lemma sum_Hom_koszul_d_eq_cech_num:
  assumes mM: "module sM" and mI: "module sI"
    and d: "\<forall>J\<in>idx_sets (length xs) p. d J \<in> Hom_carrier sM sI"
  shows "(\<Sum>J\<in>idx_sets (length xs) p. d J (koszul_d sM (powers xs K) e J))
       = (\<Sum>J'\<in>idx_sets (length xs) (Suc p). cech_num (Hom_scale sI) xs K d J' (e J'))"
proof -
  let ?r = "length xs"
  define G where "G J' j = sI ((-1) ^ pos j J' * (xs ! j) ^ K) (d (J' - {j}) (e J'))" for J' j
  have "(\<Sum>J\<in>idx_sets ?r p. d J (koszul_d sM (powers xs K) e J))
      = (\<Sum>J\<in>idx_sets ?r p. \<Sum>j\<in>{0..<?r}-J. G (insert j J) j)"
  proof (rule sum.cong[OF refl])
    fix J assume J: "J \<in> idx_sets ?r p"
    interpret h: module_hom sM sI "d J" using d J unfolding Hom_carrier_def by auto
    show "d J (koszul_d sM (powers xs K) e J) = (\<Sum>j\<in>{0..<?r}-J. G (insert j J) j)"
      unfolding koszul_d_def h.sum h.scale G_def
      by (rule sum.cong) (auto simp: pos_insert_self nth_powers)
  qed
  also have "\<dots> = (\<Sum>J'\<in>idx_sets ?r (Suc p). \<Sum>j\<in>J'. G J' j)"
    by (rule sum_idx_sets_insert)
  also have "\<dots> = (\<Sum>J'\<in>idx_sets ?r (Suc p). cech_num (Hom_scale sI) xs K d J' (e J'))"
    unfolding cech_num_def G_def by (simp add: sum_fun_apply)
  finally show ?thesis .
qed


section \<open>Vanishing of the higher cohomology\<close>

lemma Hom_exact_cocycle_factor:
  fixes sM :: "'r::comm_ring_1 \<Rightarrow> 'm::ab_group_add \<Rightarrow> 'm" and sI :: "'r \<Rightarrow> 'i::ab_group_add \<Rightarrow> 'i"
  assumes mM: "module sM" and mI: "module sI" and inj: "injective_module sI"
    and dN: "\<forall>J\<in>idx_sets (length xs) p. d J \<in> Hom_carrier sM sI"
    and d_exact: "\<forall>J'\<in>idx_sets (length xs) (Suc p). cech_num (Hom_scale sI) xs K d J' = 0"
    and trans: "\<forall>z. koszul_cycle sM (powers xs m) p z \<longrightarrow>
      koszul_boundary sM (powers xs K) p (koszul_trans sM xs m K z)"
  obtains \<chi> where "module_hom (Hom_scale sM) sI \<chi>"
    "\<And>e. \<chi> (koszul_diff sM (powers xs m) p e)
       = (\<Sum>J\<in>idx_sets (length xs) p. d J (koszul_trans sM xs m K e J))"
proof -
  let ?S = "idx_sets (length xs)"
  have d_hom: "module_hom sM sI (d J)" if "J \<in> ?S p" for J
    using dN that unfolding Hom_carrier_def by blast
  define \<phi> where "\<phi> e = (\<Sum>J\<in>?S p. d J (e J))" for e :: "nat set \<Rightarrow> 'm"
  have \<phi>_hom: "module_hom (Hom_scale sM) sI \<phi>"
    unfolding \<phi>_def using module_Hom_scale[OF mM] mI
    by (intro module_pair.module_hom_sum) (auto simp: module_pair_def module_hom_iff
        module_hom.add[OF d_hom] module_hom.scale[OF d_hom])
  have \<phi>_koszul_d: "\<phi> (koszul_d sM (powers xs K) b) = 0" for b
    unfolding \<phi>_def sum_Hom_koszul_d_eq_cech_num[OF mM mI dN] using d_exact by simp
  define \<psi> where "\<psi> = \<phi> \<circ> koszul_trans sM xs m K"
  have \<psi>_hom: "module_hom (Hom_scale sM) sI \<psi>"
    unfolding \<psi>_def by (rule module_hom_compose[OF module_hom_koszul_trans[OF mM] \<phi>_hom])
  have \<psi>_cycle: "\<psi> z = 0" if z: "koszul_diff sM (powers xs m) p z = 0" for z
  proof -
    obtain b where "\<forall>J\<in>?S p. koszul_d sM (powers xs K) b J = koszul_trans sM xs m K z J"
      using trans z unfolding koszul_diff_eq_0_iff koszul_boundary_def by auto
    then have "\<psi> z = \<phi> (koszul_d sM (powers xs K) b)"
      unfolding \<psi>_def \<phi>_def by simp
    then show ?thesis using \<phi>_koszul_d by simp
  qed
  show thesis
    using injective_factor_through[OF inj module_Hom_scale[OF mM] module_hom_koszul_diff[OF mM]
        \<psi>_hom \<psi>_cycle] that unfolding \<psi>_def \<phi>_def by auto
qed

lemma Hom_exact_cocycle_lift:
  fixes sM :: "'r::comm_ring_1 \<Rightarrow> 'm::ab_group_add \<Rightarrow> 'm" and sI :: "'r \<Rightarrow> 'i::ab_group_add \<Rightarrow> 'i"
  assumes mM: "module sM" and mI: "module sI" and inj: "injective_module sI"
    and dN: "\<forall>J\<in>idx_sets (length xs) p. d J \<in> Hom_carrier sM sI"
    and d_exact: "\<forall>J'\<in>idx_sets (length xs) (Suc p). cech_num (Hom_scale sI) xs K d J' = 0"
    and trans: "\<forall>z. koszul_cycle sM (powers xs m) p z \<longrightarrow>
      koszul_boundary sM (powers xs K) p (koszul_trans sM xs m K z)"
  shows "\<exists>b. (\<forall>J. b J \<in> Hom_carrier sM sI) \<and> (\<forall>J\<in>idx_sets (length xs) p.
    cech_num (Hom_scale sI) xs m b J = Hom_scale sI (xprod xs J ^ (m - K)) (d J))"
proof -
  let ?S = "idx_sets (length xs)"
  have d_hom: "module_hom sM sI (d J)" if "J \<in> ?S p" for J
    using dN that unfolding Hom_carrier_def by blast
  obtain \<chi> where \<chi>: "module_hom (Hom_scale sM) sI \<chi>"
    and \<chi>_factor: "\<And>e. \<chi> (koszul_diff sM (powers xs m) p e)
       = (\<Sum>J\<in>?S p. d J (koszul_trans sM xs m K e J))"
    using Hom_exact_cocycle_factor[OF mM mI inj dN d_exact trans] by blast
  define b where "b J v = \<chi> (0(J := v))" for J v
  have b_hom: "module_hom sM sI (b J)" for J
    unfolding b_def using module_hom_compose[OF module_hom_fun_upd_zero[OF mM] \<chi>]
    by (simp add: comp_def)
  have "cech_num (Hom_scale sI) xs m b J0 v = sI (xprod xs J0 ^ (m - K)) (d J0 v)"
    if J0: "J0 \<in> ?S p" for J0 v
  proof -
    have "cech_num (Hom_scale sI) xs m b J0 v
        = \<chi> (\<Sum>j\<in>J0. 0(J0 - {j} := sM ((-1) ^ pos j J0 * (xs ! j) ^ m) v))"
      unfolding cech_num_def sum_fun_apply module_hom.sum[OF \<chi>]
      by (simp add: b_def module_hom.scale[OF b_hom, unfolded b_def])
    also have "\<dots> = (\<Sum>J\<in>?S p. d J (koszul_trans sM xs m K (0(J0 := v)) J))"
      by (simp add: \<chi>_factor koszul_diff_fun_upd_zero[OF mM J0, symmetric])
    also have "\<dots> = d J0 (sM (xprod xs J0 ^ (m - K)) v)"
      using J0 finite_idx_sets[of "length xs" p]
      by (simp add: koszul_trans_def if_distrib module.scale_zero_right[OF mM]
          module_hom.zero[OF d_hom] cong: if_cong)
    finally show ?thesis by (simp add: module_hom.scale[OF d_hom[OF J0]])
  qed
  then show ?thesis using b_hom unfolding Hom_carrier_def by (auto simp: fun_eq_iff)
qed

lemma Hom_cech_cocycle_is_coboundary:
  fixes sM :: "'r::comm_ring_1 \<Rightarrow> 'm::ab_group_add \<Rightarrow> 'm" and sI :: "'r \<Rightarrow> 'i::ab_group_add \<Rightarrow> 'i"
  assumes mM: "module sM" and wpr: "weakly_pro_regular sM xs" and mI: "module sI"
    and inj: "injective_module sI" and p: "p \<ge> 1"
    and c: "cech_cocycle (Hom_scale sI) (Hom_carrier sM sI) xs p k c"
  shows "cech_coboundary (Hom_scale sI) (Hom_carrier sM sI) xs p k c"
proof -
  let ?S = "idx_sets (length xs)" and ?s = "Hom_scale sI"
  have ms: "module ?s" by (rule module_Hom_scale[OF mI])
  obtain t where "t > 0"
    and exact: "\<forall>J'\<in>?S (Suc p). cech_num ?s xs (k + t) (\<lambda>J. ?s (xprod xs J ^ t) (c J)) J' = 0"
    using cech_cocycle_rescale_exact[OF ms c] by blast
  have "0 < p" "1 \<le> k + t" using p \<open>t > 0\<close> by simp_all
  then obtain m where "m \<ge> k + t" and trans: "\<forall>z. koszul_cycle sM (powers xs m) p z \<longrightarrow>
      koszul_boundary sM (powers xs (k + t)) p (koszul_trans sM xs m (k + t) z)"
    using wpr unfolding weakly_pro_regular_def by blast
  have "\<forall>J\<in>?S p. ?s (xprod xs J ^ t) (c J) \<in> Hom_carrier sM sI"
    using c Hom_scale_in_Hom_carrier[OF mM mI] unfolding cech_cocycle_def by blast
  then obtain b where b: "\<forall>J. b J \<in> Hom_carrier sM sI" and b_num: "\<forall>J\<in>?S p.
      cech_num ?s xs m b J = ?s (xprod xs J ^ (m - (k + t))) (?s (xprod xs J ^ t) (c J))"
    using Hom_exact_cocycle_lift[OF mM mI inj _ exact trans] by blast
  have "?s (xprod xs J ^ k) (cech_num ?s xs m b J) = ?s (xprod xs J ^ m) (c J)" if "J \<in> ?S p" for J
    using b_num that \<open>m \<ge> k + t\<close>
    by (simp add: module.scale_scale[OF ms] power_add[symmetric])
  then show ?thesis
    unfolding cech_coboundary_def using b
    by (intro exI[of _ m] exI[of _ b]) (simp add: module.scale_one[OF ms] module.scale_zero_right[OF ms])
qed
(* Let $r$ be a positive integer. Then $$\sum_{k = 1}^\infty \frac{( - 1)^{(r-1)k}\left(\frac{27}{5}\right)^k}{k \binom{3k}kF_{3r}^{2k}} = 2\sqrt {15}\, \frac{F_r }{L_{3r} }\arctan \bigg( \frac{\sqrt 3 }{\alpha ^r (\alpha ^r + L_r )} \bigg) - ( - 1)^{r} \frac{L_r }{L_{3r} }\log \bigg( \frac{F_{3r} }{5F_r^3 } \bigg),$$ $$\sum_{k = 1}^\infty \frac{( - 1)^{rk} 27^k }{k\binom{3k}kL_{3r}^{2k} } = \frac{2\sqrt {15}}{5}\, \frac{L_r }{F_{3r}}\arctan \bigg( \frac{\sqrt 3 }{\alpha ^r (\alpha ^r + \sqrt 5F_r )} \bigg)+ ( - 1)^r \frac{F_r }{F_{3r} }\log \bigg( \frac{L_{3r} }{L_r^3 } \bigg).$$
   Context: $F_n$ and $L_n$ are the Fibonacci and Lucas numbers: $F_0=0$, $F_1=1$, $L_0=2$, $L_1=1$, and $X_n=X_{n-1}+X_{n-2}$ for both sequences. $\alpha=(1+\sqrt5)/2$ is the golden ratio. *)

theory Defs
  imports Complex_Main "HOL-Number_Theory.Fib"
begin

fun lucas :: "nat \<Rightarrow> nat" where
  "lucas 0 = 2"
| "lucas (Suc 0) = 1"
| "lucas (Suc (Suc n)) = lucas (Suc n) + lucas n"

definition golden :: real where
  "golden = (1 + sqrt 5) / 2"

end

theory Submission
  imports Defs "HOL-Analysis.Analysis"
begin
(* For every odd positive integer $n$ and every $D > 1$, there is an instance of colorful $k$-center with $8n$ points, $k=n$, and $r=b=2n$, such that every solution has radius at least $D$, yet the polytope of LP1 with unit radius for this instance is not recognized as infeasible by $\Omega(n)$ rounds of the Sum-of-Squares hierarchy: there is a constant $c>0$ (independent of $n$ and $D$) such that for every $t \le cn$ the $t$-th SoS lifted polytope $SoS^t(K)$ of the LP1 polytope $K$ is nonempty. Consequently the integrality gap of LP1 with $8n$ points persists (is unbounded) up to $\Omega(n)$ rounds of Sum-of-Squares.
   Context: An instance of colorful $k$-center consists of a finite set $P$ of points with a metric $d$, a partition $P=R\cup B$ into red and blue points, and integers $k,r,b\ge0$; with $\mathcal{B}(j,\rho)=\{p\in P:d(j,p)\le\rho\}$, a solution of radius $\rho$ is $C\subseteq P$, $|C|\le k$, with $\bigcup_{c\in C}\mathcal{B}(c,\rho)$ containing at least $r$ red and $b$ blue points. LP1 (unit radius, $\mathcal{B}(j)=\mathcal{B}(j,1)$) is the polytope $K$ of vectors $(x,z)\in[0,1]^{P}\times[0,1]^P$ with $\sum_{i\in\mathcal{B}(j)}x_i\ge z_j$ for all $j\in P$, $\sum_{i\in P}x_i\le k$, $\sum_{j\in R}z_j\ge r$, $\sum_{j\in B}z_j\ge b$. Sum-of-Squares: let $V$ be the variable set, $K=\{v\in[0,1]^V: g_\ell(v)\ge0,\ \ell=1,\dots,m\}$ with linear $g_\ell$. $\mathcal{P}_t(V)$ denotes subsets of $V$ of size at most $t$. For $y\in\mathbb{R}^{\mathcal{P}(V)}$ and $g(v)=\sum_{I\subseteq V} a_I\prod_{i\in I}v_i$, $(g*y)_I=\sum_{J\subseteq V}a_J y_{I\cup J}$. For a collection $\mathcal{T}$ of subsets, $M_{\mathcal{T}}(y)$ is the matrix indexed by $\mathcal{T}$ with $(M_{\mathcal{T}}(y))_{I,J}=y_{I\cup J}$. The $t$-th SoS lifted polytope $SoS^t(K)$ is the set of $y\in[0,1]^{\mathcal{P}_{2t}(V)}$ with $y_\emptyset=1$, $M_{\mathcal{P}_t(V)}(y)\succeq0$, and $M_{\mathcal{P}_{t-1}(V)}(g_\ell*y)\succeq0$ for all $\ell$. *)

theory Defs
  imports Complex_Main
begin

definition metric_on :: "nat set \<Rightarrow> (nat \<Rightarrow> nat \<Rightarrow> real) \<Rightarrow> bool" where
  "metric_on P d \<longleftrightarrow>
     (\<forall>x\<in>P. \<forall>y\<in>P. 0 \<le> d x y \<and> d x y = d y x \<and> (d x y = 0 \<longleftrightarrow> x = y)) \<and>
     (\<forall>x\<in>P. \<forall>y\<in>P. \<forall>z\<in>P. d x z \<le> d x y + d y z)"

definition cball_pts :: "nat set \<Rightarrow> (nat \<Rightarrow> nat \<Rightarrow> real) \<Rightarrow> nat \<Rightarrow> real \<Rightarrow> nat set" where
  "cball_pts P d j \<rho> = {p \<in> P. d j p \<le> \<rho>}"

definition colorful_solution ::
  "nat set \<Rightarrow> (nat \<Rightarrow> nat \<Rightarrow> real) \<Rightarrow> nat set \<Rightarrow> nat \<Rightarrow> nat \<Rightarrow> nat \<Rightarrow> real \<Rightarrow> nat set \<Rightarrow> bool" where
  "colorful_solution P d R k r b \<rho> C \<longleftrightarrow>
     C \<subseteq> P \<and> card C \<le> k \<and>
     card ((\<Union>c\<in>C. cball_pts P d c \<rho>) \<inter> R) \<ge> r \<and>
     card ((\<Union>c\<in>C. cball_pts P d c \<rho>) \<inter> (P - R)) \<ge> b"

text \<open>LP variables: Inl i is x_i, Inr j is z_j.\<close>
type_synonym var = "nat + nat"

definition lp_vars :: "nat set \<Rightarrow> var set" where
  "lp_vars P = Inl ` P \<union> Inr ` P"

text \<open>A linear (affine) function g(v) = a0 + sum_i a_i v_i, given as (a0, a).\<close>
type_synonym linform = "real \<times> (var \<Rightarrow> real)"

##########

Everything from the first line of the records through the line holding "define G where" is to be transcribed exactly; leave out all other lines.

• _Output of the exercise_
lemma sum_Hom_koszul_d_eq_cech_num:
  assumes mM: "module sM" and mI: "module sI"
    and d: "\<forall>J\<in>idx_sets (length xs) p. d J \<in> Hom_carrier sM sI"
  shows "(\<Sum>J\<in>idx_sets (length xs) p. d J (koszul_d sM (powers xs K) e J))
       = (\<Sum>J'\<in>idx_sets (length xs) (Suc p). cech_num (Hom_scale sI) xs K d J' (e J'))"
proof -
  let ?r = "length xs"
  define G where "G J' j = sI ((-1) ^ pos j J' * (xs ! j) ^ K) (d (J' - {j}) (e J'))" for J' j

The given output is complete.